An interesting blog post from Tim Williams discussing some of his his thoughts after reading Edward Glaeser’s The Triumph of the City.

I don’t like the way that it splits the “how do you solve a problem like regeneration” into two options: the build it and they will come approach that we seem to have been trying in the UK for most of my lifetime; or the help people to escape from these failed cities and towns to a shiny new life somewhere else (which in the UK means within the draw of the M25).

What annoys me about it is that those options are presented as the only choices, and that they label certain towns and cities as “failed”. I don’t think that’s a useful endeavour, as it assumes that (a) everyone should, and will, make decisions based solely on economics; and (b) that moving most of the population into the South-East would be a desirable aim.

I’m proof that the first option isn’t true, otherwise I’d still be living in Cambridge rather than having moved back to Liverpool. And choosing Cambridge again, just because I’ve lived there and so have an understanding of some of the issues it faces, it’s already facing problems with the number of people who want to live there now, never mind trying to fit more in. It would be good for the value of my house though…

Where I do agree with Tim and Edward is in the argument that grand building projects aren’t going to fix things. I think edifice error is a nice term for it:

Glaeser ‘s view that much regeneration effort has been misdirected and funding wasted can be summed up in his notion of the ‘edifice error’. This is ’the tendency to think that abundant new building leads to urban success’. By contrast, ’building is the result not the cause of success’. Thus, ‘overbuilding a declining city that already has more structures than it needs is nothing but folly’.

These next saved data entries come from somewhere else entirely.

lemma escaped_positive:
  assumes "reduced_word (z @ [(G a, False)] @ s)" "b_word s"
  shows "escaped (z @ [(G a, False)] @ s) (last ((G a, False) # s))"
proof -
  have "last (z @ [(G a, False)] @ s) = last ((G a, False) # s)"
    by (cases s rule: rev_cases) auto
  then show ?thesis
    using assms unfolding escaped_def last_A_positive_def by blast
qed

lemma escaped_negative:
  assumes "reduced_word (z @ [(G a, True)])" "reduced_word g" "b_word g"
  shows "escaped (z @ [(G a, True)] @ freduce (finv (phi eta a g) @ g)) (last ((G a, True) # g))"
  using assms unfolding escaped_def by blast

lemma escaped_A_inverse:
  "reduced_word (z @ [(G a, True)]) \<Longrightarrow> escaped (z @ [(G a, True)]) (G a, True)"
  using escaped_negative[of z a "[]"] by simp

lemma escaped_apply_inv_A_rule:
  assumes "reduced_word (x @ [(G c, False)])"
  shows "escaped (apply_rule eta x (G c, False)) (G c, False)"
proof -
  obtain Q where "apply_rule eta x (G c, False) = Q @ [(G c, False)]"
    "reduced_word (Q @ [(G c, False)])"
    using apply_rule_inv_A_letter[OF assms] by blast
  then show ?thesis
    using escaped_positive[of Q c "[]"] by simp
qed

lemma escaped_apply_b_rule_fresh:
  assumes "reduced_word (x @ [r])" "last_A_positive x" "fst r \<in> {B1, B2}"
  shows "escaped (apply_rule eta x r) r"
  using assms(2) unfolding last_A_positive_def
proof (elim disjE exE conjE)
  assume "b_word x"
  then have "apply_rule eta x r = x @ [r]"
    using apply_rule_b_word_b_letter[of x r eta] assms(3) freduce_reduced_word[OF assms(1)] by simp
  then show ?thesis
    using escaped_b_word[OF assms(1)] \<open>b_word x\<close> assms(3) by simp
next
  fix z a s
  assume x: "x = z @ [(G a, False)] @ s" and s: "b_word s"
  have "reduced_word (z @ [(G a, False)] @ s)"
    using assms(1) x reduced_word_appendD(1)[of x] by simp
  then obtain Q where Q: "apply_rule eta x r = Q @ [(G a, False)] @ freduce (s @ [r])"
    "reduced_word (Q @ [(G a, False)])"
    using apply_rule_b_letter[of z a False s r eta] x s assms(3) by auto
  have "reduced_word (s @ [r])"
    using assms(1) x reduced_word_appendD(2)[of "z @ [(G a, False)]" "s @ [r]"] by simp
  moreover have "b_word (s @ [r])"
    using s assms(3) by simp
  ultimately show ?thesis
    using Q escaped_positive[of Q a "s @ [r]"] reduced_word_A_letter_b_word[OF Q(2)]
    by (simp add: freduce_reduced_word)
qed
(* Pointwise forms of (1 - e_s)(x.a) = - gamma_s lambda^-1 g.a and (x.a)(1 - e_t') = gamma_t a,
   phrased so that x.a occurs on one side only; otherwise the simplifier loops on them. *)
lemma X_arrel_src_tgt:
  assumes a: "fst a < n"
  defines "s \<equiv> asrc n a" and "t \<equiv> atgt n a"
  shows "(if fst w = s then 0 else X (arrel n a) w) = - qgamma X s / lam * G (arrel n a) w"
    and "(if ptgt n w = (t + d) mod n then 0 else X (arrel n a) w) = qgamma X t * arrel n a w"
proof -
  define A where "A = (arrel n a :: qpath \<Rightarrow> 'k)"
  have s: "s < n" and t: "t < n"
    using a n_pos by (simp_all add: s_def t_def asrc_def atgt_def)
  have A: "A \<in> PA n"
    using arrel_in_PA[OF n_pos a] by (simp add: A_def)
  have "pmul n (vert s) A = A" and "pmul n A (vert t) = A"
    by (simp_all add: fun_eq_iff pmul_vert_left pmul_vert_right A_def arrel_apply s_def t_def)
  then have "X A = padd (pmul n (vert s) (X A)) (pmul n (X (vert s)) (G A))"
    and "X A = padd (pmul n A (X (vert t))) (pmul n (X A) (vert ((t + d) mod n)))"
    using X_pmul[OF vert_in_PA[OF s] A] X_pmul[OF A vert_in_PA[OF t]] G_vert t by simp_all
  then have "X A w = padd (pmul n (vert s) (X A)) (pmul n (X (vert s)) (G A)) w"
    and "X A w = padd (pmul n A (X (vert t))) (pmul n (X A) (vert ((t + d) mod n))) w"
    by simp_all
  then have left: "X A w = (if fst w = s then X A w else 0) + X (vert s) (fst w, []) * G A w"
    and right: "X A w =
      A w * X (vert t) (ptgt n w, []) + (if ptgt n w = (t + d) mod n then X A w else 0)"
    unfolding padd_def pmul_vert_left pmul_vert_right
      pmul_trivial_left[OF X_vert_trivial[OF s]] pmul_trivial_right[OF X_vert_trivial[OF t]] .
  have "G A w \<noteq> 0 \<Longrightarrow> fst w = (s + d) mod n"
    using G_arrel[OF a]
    by (auto simp: A_def psmult_def arrel_apply asrc_shift_arrow s_def split: if_splits)
  then have "X (vert s) (fst w, []) * G A w = - qgamma X s / lam * G A w"
    using shift_neq[OF s]
    by (cases "G A w = 0") (auto simp: X_vert_eq[OF s] padd_def psmult_def vert_apply)
  with left show "(if fst w = s then 0 else X (arrel n a) w) = - qgamma X s / lam * G (arrel n a) w"
    by (cases "fst w = s") (auto simp: A_def)
  have "A w \<noteq> 0 \<Longrightarrow> ptgt n w = t"
    by (auto simp: A_def arrel_apply t_def split: if_splits)
  with right shift_neq[OF t]
  show "(if ptgt n w = (t + d) mod n then 0 else X (arrel n a) w) = qgamma X t * arrel n a w"
    by (cases "A w = 0") (auto simp: A_def qgamma_def)
qed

I suppose what confuses me is that I don’t see what’s gained by arguing that we need to help people flee the failed areas. Maybe it’s a belief that big companies are the only way that we solve unemployment and poverty? “We have to build big fancy office blocks for our ‘inward investment’ strategy to work and attract big companies here” played off against “big companies don’t want to open offices in poor areas, so we need to move the workforce to them”.

That’s where my view differs markedly. I agree that we should be investing in the people, rather than infrastructure, but we should expect and encourage them to build new companies and not be surprised if they stay where they are to do that.